Please repeat, exactly as written, the line containing "Poly_Mapping.single d 1)" and every line after it through the end of the records below.

>>>>

definition ang_mom_op :: "real \<Rightarrow> 3 \<Rightarrow> 3 \<Rightarrow> fn \<Rightarrow> fn" where
  "ang_mom_op hbar a b g = (\<lambda>x. xhat a (phat hbar b g) x - xhat b (phat hbar a g) x)"

lemma l_cl_eq_ang_mom: "l_cl 1 = ang_mom 2 3" "l_cl 2 = ang_mom 3 1" "l_cl 3 = ang_mom 1 2"
  by (simp_all add: l_cl_def ang_mom_def)

lemma lhat_eq_ang_mom_op:
  "lhat hbar 1 = ang_mom_op hbar 2 3" "lhat hbar 2 = ang_mom_op hbar 3 1"
  "lhat hbar 3 = ang_mom_op hbar 1 2"
  by (simp_all add: lhat_def ang_mom_op_def fun_eq_iff)

lemma ang_mom_sq:
  "ang_mom a b ^ 2 =
     Poly_Mapping.single (Poly_Mapping.single (X a) 2 + Poly_Mapping.single (P b) 2) 1
   + Poly_Mapping.single (Poly_Mapping.single (X b) 2 + Poly_Mapping.single (P a) 2) 1
   + Poly_Mapping.single (Poly_Mapping.single (X a) 1 + Poly_Mapping.single (P a) 1
       + Poly_Mapping.single (X b) 1 + Poly_Mapping.single (P b) 1) (-2)"
  (is "_ = ?rhs")
proof -
  have xp:
    "xv c * pv d = Poly_Mapping.single (Poly_Mapping.single (X c) 1 + Poly_Mapping.single (P d) 1) 1"
    for c d by (simp add: xv_def pv_def mult_single)
  have double: "Poly_Mapping.single c 1 + Poly_Mapping.single d 1
      + (Poly_Mapping.single c 1 + Poly_Mapping.single d 1)
      = Poly_Mapping.single c 2 + Poly_Mapping.single d (2::nat)" for c d :: var
    by (rule poly_mapping_eqI) (simp add: lookup_add lookup_single when_def)
  have "ang_mom a b ^ 2 = (xv a * pv b) * (xv a * pv b) + (xv b * pv a) * (xv b * pv a)
      - Poly_Mapping.single 0 2 * ((xv a * pv a) * (xv b * pv b))"
    unfolding ang_mom_def by (simp add: power2_eq_square algebra_simps)
  also have "\<dots> = ?rhs"
    unfolding xp mult_single double by (simp add: add_ac flip: single_uminus)
  finally show ?thesis .
qed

<<<<

### Task result
      + (Poly_Mapping.single c 1 + Poly_Mapping.single d 1)
      = Poly_Mapping.single c 2 + Poly_Mapping.single d (2::nat)" for c d :: var
    by (rule poly_mapping_eqI) (simp add: lookup_add lookup_single when_def)
  have "ang_mom a b ^ 2 = (xv a * pv b) * (xv a * pv b) + (xv b * pv a) * (xv b * pv a)
      - Poly_Mapping.single 0 2 * ((xv a * pv a) * (xv b * pv b))"
    unfolding ang_mom_def by (simp add: power2_eq_square algebra_simps)
  also have "\<dots> = ?rhs"
    unfolding xp mult_single double by (simp add: add_ac flip: single_uminus)
  finally show ?thesis .
qed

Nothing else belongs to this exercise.